Парень снова зашагал вперёд практически бегом, когда его рация оказалась в кармане. Он пробежал до ближайшего поворота и завернул туда, попав в такой же однотипный коридор, с десятком кабинетов на каждой стороне. Но его остановило не количество помещений для работы, а число орудий, уставленных на него.

— Вот ты и сам стал жертвой, — с ехидством на лице констатировал человек в балахонах. — Приготовься, мы вывесим твоё тело на всеобщее обозрение, как символ безнадёжности вашей войны!

Одна винтовка Гвардейца «Антивирус», три плазменных винтовки Киберариев и семь стволов дронов — это всё, что смог наскребать противник в отчаянном стремлении спасти свою жалкую жизнь.

— Вы уверены, что охотником был я, господин Апостол? — со зловещей улыбкой на уставшем чёрном лице вопросил Маритон, чьи слова стали командой к началу действий.

За спинами противников расцвели вспышки ураганного огня, и мужчина в последний момент успел лечь, чтобы его не скосил чудовищный оружейный залп.
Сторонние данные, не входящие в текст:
theorem hamiltonian_le:
  fixes Wt al wSg wA wY wSS wSA wAA wSSg wASg wSgSg wSY wAY wSgY wYY g Dth Dph fz bVz :: real
  assumes derivs: "wSg = -(u1 * p) * WSg" "wA = -(u1 * p) * WA" "wY = u1 - u2 * W * p"
      "wSS + 2 * g * wSA + g^2 * wAA = -(u1 * p) * GW" "wSSg + g * wASg = -(u1 * p) * dDW"
      "wSgSg = -(u1 * p) * WSgSg" "wSY + g * wAY = -(u2 * p) * DW" "wSgY = -(u2 * p) * WSg" "wYY \<le> u2"
    and cash_pde: "Wt + (al + be * Sg^2/2) * WA + Sg^2 * S^2 * GW/2
        + (VSg * (ps1 * w1) + (Sg * E2V) * (ps2 * w2) + (Sg * S * dDV) * (ps3 * w3) + (VSgSg/2) * (ps4 * w4))/2 = 0"
    and fz: "fz = (nu^2/ps1 + (sig - Sg)^2/ps2 + eta^2/ps3 + xi^2/ps4)/2"
    and bV: "bVz = nu * VSg + E2V * (sig^2 - Sg^2)/2 + sig * eta * S * dDV + (eta^2 + xi) * VSgSg/2"
  shows "-(u1 * p) * Wt + ((1/p) * u1 * fz + nu * wSg + (al + be * sig^2/2) * wA - bVz * wY
      + sig^2 * S^2 * (wSS + 2 * g * wSA + g^2 * wAA)/2 + sig * S * eta * (wSSg + g * wASg) + (eta^2+xi) * wSgSg/2
      + sig^2 * S^2 * Dth * (wSY + g * wAY) + sig * S * eta * Dph * (wSY + g * wAY) + sig * S * eta * Dth * wSgY
      + Dph * (eta^2+xi) * wSgY + sig^2 * S^2 * Dth^2 * wYY/2 + (eta^2+xi) * Dph^2 * wYY/2 + sig * S * eta * Dth * Dph * wYY)
    \<le> (u1 - u2) * pk * (hamiltonian_constant psis KV Kw Sgu sgu etl etu xiu * S1)"
    (is "?lhs \<le> _")
proof -
  define pen where "pen = p * (VSg * (ps1 * w1) + (Sg * E2V) * (ps2 * w2) + (Sg * S * dDV) * (ps3 * w3)
      + (VSgSg/2) * (ps4 * w4))/2 + ((nu^2/ps1 + (sig - Sg)^2/ps2 + eta^2/ps3 + xi^2/ps4)/2)/p - ve"
  define hedge where "hedge = sig^2 * S^2 * Dth * (wSY + g * wAY) + sig * S * eta * Dph * (wSY + g * wAY)
      + sig * S * eta * Dth * wSgY + Dph * (eta^2+xi) * wSgY + sig^2 * S^2 * Dth^2 * wYY/2
      + (eta^2+xi) * Dph^2 * wYY/2 + sig * S * eta * Dth * Dph * wYY"
  have "?lhs = u1 * pen + (-(u1 * p) * (sig^2 - Sg^2) * (be * WA + S^2 * GW)/2) + (-(u1 * qe))
      + u2 * W * p * (ve + qe) + (-(u1 * p) * nu * WSg) + (-(u1 * p) * sig * eta * (S * dDW))
      + (-(u1 * p) * (eta^2 + xi) * WSgSg/2) + hedge"
  proof -
    have Wt: "Wt = -((al + be * Sg^2/2) * WA + Sg^2 * S^2 * GW/2 + (VSg * (ps1 * w1) + (Sg * E2V) * (ps2 * w2)
        + (Sg * S * dDV) * (ps3 * w3) + (VSgSg/2) * (ps4 * w4))/2)"
      using cash_pde by linarith
    show ?thesis unfolding pen_def hedge_def bV bV_split derivs(4,5) fz
      using psi by (simp add: derivs(1-3,6) Wt field_simps)
  qed
  also have "\<dots> \<le> (u1 - u2) * pk * ((B * Pm * Cw/2 + 4 * (Cw + B) + iP/2 + 4 * B) * S1)
      + (u1 - u2) * pk * ((sgu + Sgu) * (c^2 + 2)/2 * S1) + (u1 - u2) * pk * (2 * KV * (2 * c^2 + 2) * S1)
      + (u1 - u2) * pk * (Kw * (4 * B * (c + 1) + 2 * KV * (2 * c^2 + 2)) * S1)
      + (u1 - u2) * pk * ((c^2 + 2) * S1) + (u1 - u2) * pk * (sgu * (c^2 + 2) * S1)
      + (u1 - u2) * pk * ((etab + 1) * (c^2 + 2)/2 * S1) + (u1 - u2) * pk * ((sgu^2 + (etab^2 + xiu)) * S1)"
    unfolding pen_def hedge_def
    by (intro add_mono penalty_term_le volatility_term_le vega_convexity_term_le drift_term_le
          nu_term_le eta_term_le xi_term_le hedge_term_le derivs)
  also have "\<dots> = (u1 - u2) * pk * (hamiltonian_constant psis KV Kw Sgu sgu etl etu xiu * S1)"
    unfolding hamiltonian_constant_eq by (simp only: distrib_left distrib_right)
  finally show ?thesis .
qed

end


definition greeks_square_sum ::
    "(real \<Rightarrow> real \<Rightarrow> real \<Rightarrow> real \<Rightarrow> real) \<Rightarrow> (real \<Rightarrow> real \<Rightarrow> real \<Rightarrow> real \<Rightarrow> real) \<Rightarrow> fun5 \<Rightarrow> fun5 \<Rightarrow> fun5"
  where "greeks_square_sum bet gam wt Kbar t S A M Sg = 1 + (Kbar t S A M Sg)^2
     + (bet t S A M * D5 2 wt t S A M Sg + S^2 * GammaV gam wt t S A M Sg)^2
     + (D5 4 wt t S A M Sg)^2 + (S * dDeltaV gam wt t S A M Sg)^2
     + (D5 4 (D5 4 wt) t S A M Sg)^2 + (S * DeltaV gam wt t S A M Sg)^2"

lemma positive_models_if_in_P0:
  assumes "0 < T" "\<forall>P\<in>Ps. in_P0 T x0 C alp bet gam del P (zeta P)"
  shows "positive_models T x0 Ps"
  using assms by (auto simp: positive_models_def in_P0_def in_P00_def)

lemma greeks_square_sum_Lp2:
  assumes models: "positive_models T x0 Ps"
    and A_e: "assmA_e T C V wt alp bet gam del psis Sgl Sgu Ps Kw" and Kbar: "Lp_P T Ps 4 Kbar"
  shows "Lp_P T Ps 2 (greeks_square_sum bet gam wt Kbar)"
proof -
  have L4: "Lp_P T Ps (2 * 2) (D5 4 wt)" "Lp_P T Ps (2 * 2) (\<lambda>t S A M Sg. S * DeltaV gam wt t S A M Sg)"
    "Lp_P T Ps (2 * 2) (\<lambda>t S A M Sg. bet t S A M * D5 2 wt t S A M Sg + S\<^sup>2 * GammaV gam wt t S A M Sg)"
    "Lp_P T Ps (2 * 2) (\<lambda>t S A M Sg. S * dDeltaV gam wt t S A M Sg)" "Lp_P T Ps (2 * 2) (D5 4 (D5 4 wt))"
    "Lp_P T Ps (2 * 2) Kbar"
    using A_e Kbar by (simp_all add: assmA_e_def)
  note sum = Lp_P_lincomb[OF models, of _ _ 1 1, simplified]
  have "Lp_P T Ps 2 (\<lambda>t S A M Sg. 1 + (Kbar t S A M Sg)^2
     + (bet t S A M * D5 2 wt t S A M Sg + S^2 * GammaV gam wt t S A M Sg)^2
     + (D5 4 wt t S A M Sg)^2 + (S * dDeltaV gam wt t S A M Sg)^2
     + (D5 4 (D5 4 wt) t S A M Sg)^2 + (S * DeltaV gam wt t S A M Sg)^2)"
    by (intro sum Lp_P_const[OF models] Lp_P_square[OF L4(6)] Lp_P_square[OF L4(3)] Lp_P_square[OF L4(1)]
          Lp_P_square[OF L4(4)] Lp_P_square[OF L4(5)] Lp_P_square[OF L4(2)])
  then show ?thesis by (simp add: greeks_square_sum_def[abs_def])
qed

lemma abs_z_le_norm: "\<bar>z1 x\<bar> \<le> norm x" "\<bar>z2 x\<bar> \<le> norm x" "\<bar>z3 x\<bar> \<le> norm x" "\<bar>z4 x\<bar> \<le> norm x"
  for x :: zeta4
proof -
  obtain a b c d where x: "x = (a, b, c, d)" by (cases x) auto
  have "norm a \<le> norm (a, b, c, d)" "norm (b, c, d) \<le> norm (a, b, c, d)" "norm b \<le> norm (b, c, d)"
    "norm (c, d) \<le> norm (b, c, d)" "norm c \<le> norm (c, d)" "norm d \<le> norm (c, d)"
    by (rule norm_fst_le norm_snd_le)+
  then show "\<bar>z1 x\<bar> \<le> norm x" "\<bar>z2 x\<bar> \<le> norm x" "\<bar>z3 x\<bar> \<le> norm x" "\<bar>z4 x\<bar> \<le> norm x"
    by (auto simp: x z1_def z2_def z3_def z4_def)
qed

lemma z_minus: "z1 (a - b) = z1 a - z1 b" "z2 (a - b) = z2 a - z2 b" "z3 (a - b) = z3 a - z3 b"
    "z4 (a - b) = z4 a - z4 b"
  by (simp_all add: z1_def z2_def z3_def z4_def)

lemma vvec_components:
  "z1 (vvec bet gam V t S A M Sg) = D5 4 V t S A M Sg"
  "z2 (vvec bet gam V t S A M Sg) = Sg * (bet t S A M * D5 2 V t S A M Sg + S^2 * GammaV gam V t S A M Sg)"
  "z3 (vvec bet gam V t S A M Sg) = Sg * S * dDeltaV gam V t S A M Sg"
  "z4 (vvec bet gam V t S A M Sg) = D5 4 (D5 4 V) t S A M Sg / 2"
  by (simp_all add: vvec_def z1_def z2_def z3_def z4_def mult.assoc)

lemma ztilde_multiplier_form:
  assumes Psi_pos: "0 < z1 psis" "0 < z2 psis" "0 < z3 psis" "0 < z4 psis"
    and C_vega: "DC 4 C t S Sg \<noteq> 0" and Sg: "0 < Sg" "Sg \<le> Sgu"
    and V_bounds: "\<bar>D5 4 V t S A M Sg\<bar> \<le> KV"
      "\<bar>bet t S A M * D5 2 V t S A M Sg + S\<^sup>2 * GammaV gam V t S A M Sg\<bar> \<le> KV"
      "\<bar>S * dDeltaV gam V t S A M Sg\<bar> \<le> KV" "\<bar>D5 4 (D5 4 V) t S A M Sg\<bar> \<le> KV"
  obtains w where "ztilde C V bet gam psis t S A M Sg = Psi_mul psis w"
    and "ipsi psis (w - vvec bet gam V t S A M Sg) w = 0"
    and "\<bar>z1 w\<bar> \<le> multiplier_bound psis ((1 + Sgu) * KV)" "\<bar>z2 w\<bar> \<le> multiplier_bound psis ((1 + Sgu) * KV)"
    and "\<bar>z3 w\<bar> \<le> multiplier_bound psis ((1 + Sgu) * KV)" "\<bar>z4 w\<bar> \<le> multiplier_bound psis ((1 + Sgu) * KV)"
proof -
  let ?v = "vvec bet gam V t S A M Sg" and ?c = "cvec C t S Sg" and ?B = "(1 + Sgu) * KV"
  have "KV \<le> ?B" "Sgu * KV \<le> ?B" using V_bounds(1) Sg by (simp_all add: algebra_simps)
  moreover have "\<bar>Sg * X\<bar> \<le> Sgu * KV" if "\<bar>X\<bar> \<le> KV" for X
    using Sg that by (intro abs_mult_le_mult) auto
  ultimately have v: "\<bar>z1 ?v\<bar> \<le> ?B" "\<bar>z2 ?v\<bar> \<le> ?B" "\<bar>z3 ?v\<bar> \<le> ?B" "\<bar>z4 ?v\<bar> \<le> ?B"
    using V_bounds by (force simp: vvec_components mult.assoc)+
  have c: "z1 ?c \<noteq> 0" "DC 4 (DC 4 C) t S Sg = 2 * z4 ?c" using C_vega by (simp_all add: cvec_def z1_def z4_def)
  have "D5 4 (D5 4 V) t S A M Sg = 2 * z4 ?v" by (simp add: vvec_components)
  note L = lagrange_multipliers[OF Psi_pos c(1,2) this v]
  show ?thesis
  proof (rule that[OF _ L])
    show "ztilde C V bet gam psis t S A M Sg = Psi_mul psis (?v - lamf psis ?c ?v (DC 4 (DC 4 C) t S Sg)
        (D5 4 (D5 4 V) t S A M Sg) *\<^sub>R ?c + (negpart (D5 4 (D5 4 V) t S A M Sg - lamf psis ?c ?v
        (DC 4 (DC 4 C) t S Sg) (D5 4 (D5 4 V) t S A M Sg) * DC 4 (DC 4 C) t S Sg) / 2) *\<^sub>R e4)"
      by (simp add: ztilde_def lam_at_def mu_at_def)
  qed
qed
Дроны и один Киберарий схватили телом сноп пуль, выбивших из них жизнь, разметав их тела на части. Маритон обратил мощь реактивного снаряда по Гвардейцу, облив того шквалом из своего автомата, но броня существа такова, что все пули взрываются на ней, расцветая яркими огнями, но не пробивающие её. Мужчина перевёл огонь выше, и оставшиеся снаряды разорвали часть шеи и выбили глаз Гвардейцу, и его тело не выдерживает такого напора, падает наземь и начинает в бессилии ползать.

— Это невозможно! — кричит Апостол, наблюдая, как его наспех собранное воинство рассыпается, превращается разорванные куски.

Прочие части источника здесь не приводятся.